In Khan, A. R., Nisha, S. S and Sathik[5], evaluated the Expectation Maximization (EM), K-Means and Farthest First on mushroom data set by using WEKA. They suggested that K-Means performed better than EM and Farthest First. For performance evaluation they considered the time needed to build a model and correctly clustered instances. The authors Upadhyay, N. M., and Singh, R. S[6] provided some simulation results which gives the processors size, efficiency, complexity and workload of input instructions. They also compared optimized and tuned algorithms based on parallel methodology.

Pallavi and Samila G[9] evaluated different algorithms on Iris, Haberman and Wine data set and they suggested that K-Means is better than Hierarchical and Farthest First algorithm. In this study, R Roselin[10] used four classification algorithms and two clustering algorithms to find the behaviour of a credit card customer. In their study they pointed out that Farthest First shows more accuracy than K-Means algorithms.

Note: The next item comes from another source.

(* Let $\mathscr V,\mathscr W$ be monoidal categories and $\mathscr C$ a $\mathscr V$-$\mathscr W$-bigraded category. (1) For every left $\mathscr V$-graded category $\mathscr A$, there is a right $\mathscr W$-graded category ${}^{\mathscr V}[\mathscr A,\mathscr C]_{\mathscr W}$ whose objects are the left $\mathscr V$-graded functors $\mathscr A\to{}_{\mathscr V}\mathscr C$, whose graded morphisms of grade $X'$ from $F$ to $G$ are the graded transformations $\phi\colon F\,'\,X'\Rightarrow G$, with composition and reindexing defined pointwise in $\mathscr C_{\mathscr W}$ (i.e. $(\psi\circ\phi)_A=\psi_A\circ\phi_A$ and $(\beta^*\phi)_A=\beta^*(\phi_A)$ in $\mathscr C_{\mathscr W}$) and identities $(\mathsf i_{FA})_A$. (2) Dually, for every right $\mathscr W$-graded category $\mathscr B$, there is a left $\mathscr V$-graded category ${}_{\mathscr V}[\mathscr B,\mathscr C]^{\mathscr W}$ whose objects are right $\mathscr W$-graded functors $\mathscr B\to\mathscr C_{\mathscr W}$, whose grade-$X$ morphisms $F\to G$ are families $\phi_B\in\mathscr C_{(X,I)}(FB,GB)$ ($B\in\mathrm{ob}\,\mathscr B$) such that for every $g\in\mathscr B_{X'}(B,B')$, $(\phi_B,\phi_{B'},Fg,Gg)$ is an $(X,X')$-bigraded square, with pointwise composition and reindexing in ${}_{\mathscr V}\mathscr C$.
   Context: $\mathscr V,\mathscr W$ monoidal (structure $\otimes,I,a,\ell,r$); $\mathscr W^{\mathrm{rev}}$ has $X\otimes_{\mathrm{rev}}Y=Y\otimes X$. For a monoidal $\mathscr U$, a left $\mathscr U$-graded category has objects, sets $\mathscr C_X(A,B)$, reindexings $\alpha^*f\in\mathscr C_Y(A,B)$ along $\alpha\colon Y\to X$, composites $g\circ f\in\mathscr C_{Y\otimes X}(A,C)$, identities $\mathsf i_A\in\mathscr C_I(A,A)$, with functorial reindexing, $\beta^*g\circ\alpha^*f=(\beta\otimes\alpha)^*(g\circ f)$, $(h\circ g)\circ f=a^*(h\circ(g\circ f))$, $f\circ\mathsf i_A=r_X^*f$, $\mathsf i_B\circ f=\ell_X^*f$; graded functors preserve all this. A right $\mathscr W$-graded category is a left $\mathscr W^{\mathrm{rev}}$-graded one (composite of grades $X'$ then $Y'$ has grade $X'\otimes Y'$). A $\mathscr V$-$\mathscr W$-bigraded category $\mathscr C$ is a left $(\mathscr V\times\mathscr W^{\mathrm{rev}})$-graded category: sets $\mathscr C_{(X,X')}(A,B)$, $g\circ f\in\mathscr C_{(Y\otimes X,X'\otimes Y')}$. Its underlying left $\mathscr V$-graded ${}_{\mathscr V}\mathscr C$: $\mathscr C_{(X,I)}(A,B)$, reindexing $(\alpha,1_I)^*$, composition $(1,\ell_I^{-1})^*(g\circ f)$, identities $\mathsf i_A$; underlying right $\mathscr W$-graded $\mathscr C_{\mathscr W}$: $\mathscr C_{(I,X')}(A,B)$, reindexing $(1_I,\beta)^*$, composition $(\ell_I^{-1},1)^*(\psi\circ\varphi)$, identities $\mathsf i_A$. An $(X,X')$-bigraded square is $(f,g,\varphi,\varphi')$ with $f\in\mathscr C_{(X,I)}(A,A')$, $g\in\mathscr C_{(X,I)}(B,B')$, $\varphi\in\mathscr C_{(I,X')}(A,B)$, $\varphi'\in\mathscr C_{(I,X')}(A',B')$ and $(r_X^{-1},r_{X'}^{-1})^*(g\circ\varphi)=(\ell_X^{-1},\ell_{X'}^{-1})^*(\varphi'\circ f)$. For left $\mathscr V$-graded functors $F,G\colon\mathscr A\to{}_{\mathscr V}\mathscr C$ and $X'\in\mathscr W$, a graded transformation $\phi\colon F\,'\,X'\Rightarrow G$ is a family $\phi_A\in\mathscr C_{(I,X')}(FA,GA)$ such that $(Ff,Gf,\phi_A,\phi_B)$ is an $(X,X')$-bigraded square for every $f\in\mathscr A_X(A,B)$. *)

theory Defs
  imports Main
begin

In Suman Kumar[11] the author conducted a survey of clustering methods in the credit card data set. They proposed a new method that is the combination of Hidden Markov model (HMM) and K-Means. The author Friel[12] his study used Machine learning techniques to find the credit card fraud. This article describes how to perform data analysis, preparation, creation of training set and classification in machine learning.

3.

Data Sets and Classifiers

We have used two set of credit card details from ‘Kaggle’ for comparing four clustering algorithms. The first data set is ‘Credit card data set for clustering (CCDC)’ [13], which contains 9000 records and 18 attributes. This data set includes the eighteen behavioral variables of 9000 credit cards holders. The second one is ‘Credit card fraud detection (CCFD)’ [14], which consists of 284,807 instances and 28 attributes. This data set summarizes the transaction details made by 284,807 European credit card holders. In this comparative study, four clustering algorithms are used. They are FF, MDBC, SK and FC.

A. Farthest First (FF)

‘Farthest First’ algorithm is implemented by Hochbaum and Shmoys in 1985. In a large data set Farthest First algorithm is aPp.ropriate for creating clusters [7]. It is a Greedy method, in this method the first centroid of the cluster is randomly selected from the objects and the objects near to this centroid are grouped into the same cluster. The second centroid is greedily selected that is far away from the first centroid. The clusters are not uniform in FF algorithms. The pseudocode of FF is given below.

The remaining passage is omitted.